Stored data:
-- Opening Marker --

lemma pi_u_le_list_privacy_W_noise_QR:
  fixes P :: "'a \<Rightarrow> real"
  assumes X: "finite X" "l < card X" and P: "\<forall>x\<in>X. 0 \<le> P x" and f: "\<forall>x\<in>X. f x \<in> Zset"
    and \<rho>: "0 \<le> \<rho>" "\<rho> \<le> 1"
  shows "pi_u X P f l \<rho> \<le> list_privacy_W X P l (noise_QR (max \<rho> (1/2)) f)"
proof -
  let ?W = "noise_QR (max \<rho> (1/2)) f"
  let ?m = "Jobj X P f l \<rho> (Lambda_rho X P f l \<rho>)"
  have "X \<noteq> {}" using X by auto
  have bound: "(\<Sum>x\<in>L0. P x * ?W x 0) + (\<Sum>x\<in>L1. P x * ?W x 1) \<le> ?m"
    if L: "L0 \<subseteq> X" "L1 \<subseteq> X" "card L0 = l" "card L1 = l" for L0 L1
  proof (rule sum_pair_le_by_exchange[OF X(1) _ L])
    fix L0 L1
    assume L: "L0 \<subseteq> X" "L1 \<subseteq> X" "card L0 = l" "card L1 = l"
      and stable: "\<And>x y. x \<in> L0 - L1 \<Longrightarrow> y \<in> L1 - L0 \<Longrightarrow>
        P y * ?W y 0 < P x * ?W x 0 \<and> P x * ?W x 1 < P y * ?W y 1"
    have "card (L0 \<inter> L1) \<le> l"
      using L(3) card_mono[OF finite_subset[OF L(1) X(1)], of "L0 \<inter> L1"] by auto
    then have "L0 \<inter> L1 \<subset> X"
      using L X by auto
    then have "Jobj X P f l \<rho> (L0 \<inter> L1) \<le> ?m"
      using \<open>card (L0 \<inter> L1) \<le> l\<close> is_Lambda_rho_Lambda_rho[OF X(1) \<open>X \<noteq> {}\<close>]
      unfolding is_Lambda_rho_def by blast
    then show "(\<Sum>x\<in>L0. P x * ?W x 0) + (\<Sum>x\<in>L1. P x * ?W x 1) \<le> ?m"
      using noise_QR_stable_pair_le_Jobj[OF X(1) P f \<rho> L stable] by linarith
  qed
  obtain L0 where "L0 \<subseteq> X" "card L0 = l" "max_list_mass X P l ?W 0 = (\<Sum>x\<in>L0. P x * ?W x 0)"
    using max_list_mass_attained[OF X(1) less_imp_le[OF X(2)]] .
  moreover obtain L1 where "L1 \<subseteq> X" "card L1 = l" "max_list_mass X P l ?W 1 = (\<Sum>x\<in>L1. P x * ?W x 1)"
    using max_list_mass_attained[OF X(1) less_imp_le[OF X(2)]] .
  ultimately show ?thesis
    using bound[of L0 L1] unfolding list_privacy_W_eq pi_u_def by simp
qed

-- Closing Marker --

What the exercise asks:
Down to the last line, reproduce the entries above precisely.

Task solution:
lemma pi_u_le_list_privacy_W_noise_QR:
  fixes P :: "'a \<Rightarrow> real"
  assumes X: "finite X" "l < card X" and P: "\<forall>x\<in>X. 0 \<le> P x" and f: "\<forall>x\<in>X. f x \<in> Zset"
    and \<rho>: "0 \<le> \<rho>" "\<rho> \<le> 1"
  shows "pi_u X P f l \<rho> \<le> list_privacy_W X P l (noise_QR (max \<rho> (1/2)) f)"
proof -
  let ?W = "noise_QR (max \<rho> (1/2)) f"
  let ?m = "Jobj X P f l \<rho> (Lambda_rho X P f l \<rho>)"
  have "X \<noteq> {}" using X by auto
  have bound: "(\<Sum>x\<in>L0. P x * ?W x 0) + (\<Sum>x\<in>L1. P x * ?W x 1) \<le> ?m"
    if L: "L0 \<subseteq> X" "L1 \<subseteq> X" "card L0 = l" "card L1 = l" for L0 L1
  proof (rule sum_pair_le_by_exchange[OF X(1) _ L])
    fix L0 L1
    assume L: "L0 \<subseteq> X" "L1 \<subseteq> X" "card L0 = l" "card L1 = l"
      and stable: "\<And>x y. x \<in> L0 - L1 \<Longrightarrow> y \<in> L1 - L0 \<Longrightarrow>
        P y * ?W y 0 < P x * ?W x 0 \<and> P x * ?W x 1 < P y * ?W y 1"
    have "card (L0 \<inter> L1) \<le> l"
      using L(3) card_mono[OF finite_subset[OF L(1) X(1)], of "L0 \<inter> L1"] by auto
    then have "L0 \<inter> L1 \<subset> X"
      using L X by auto
    then have "Jobj X P f l \<rho> (L0 \<inter> L1) \<le> ?m"
      using \<open>card (L0 \<inter> L1) \<le> l\<close> is_Lambda_rho_Lambda_rho[OF X(1) \<open>X \<noteq> {}\<close>]
      unfolding is_Lambda_rho_def by blast
    then show "(\<Sum>x\<in>L0. P x * ?W x 0) + (\<Sum>x\<in>L1. P x * ?W x 1) \<le> ?m"
      using noise_QR_stable_pair_le_Jobj[OF X(1) P f \<rho> L stable] by linarith
  qed
  obtain L0 where "L0 \<subseteq> X" "card L0 = l" "max_list_mass X P l ?W 0 = (\<Sum>x\<in>L0. P x * ?W x 0)"
    using max_list_mass_attained[OF X(1) less_imp_le[OF X(2)]] .
  moreover obtain L1 where "L1 \<subseteq> X" "card L1 = l" "max_list_mass X P l ?W 1 = (\<Sum>x\<in>L1. P x * ?W x 1)"
    using max_list_mass_attained[OF X(1) less_imp_le[OF X(2)]] .
  ultimately show ?thesis
    using bound[of L0 L1] unfolding list_privacy_W_eq pi_u_def by simp
qed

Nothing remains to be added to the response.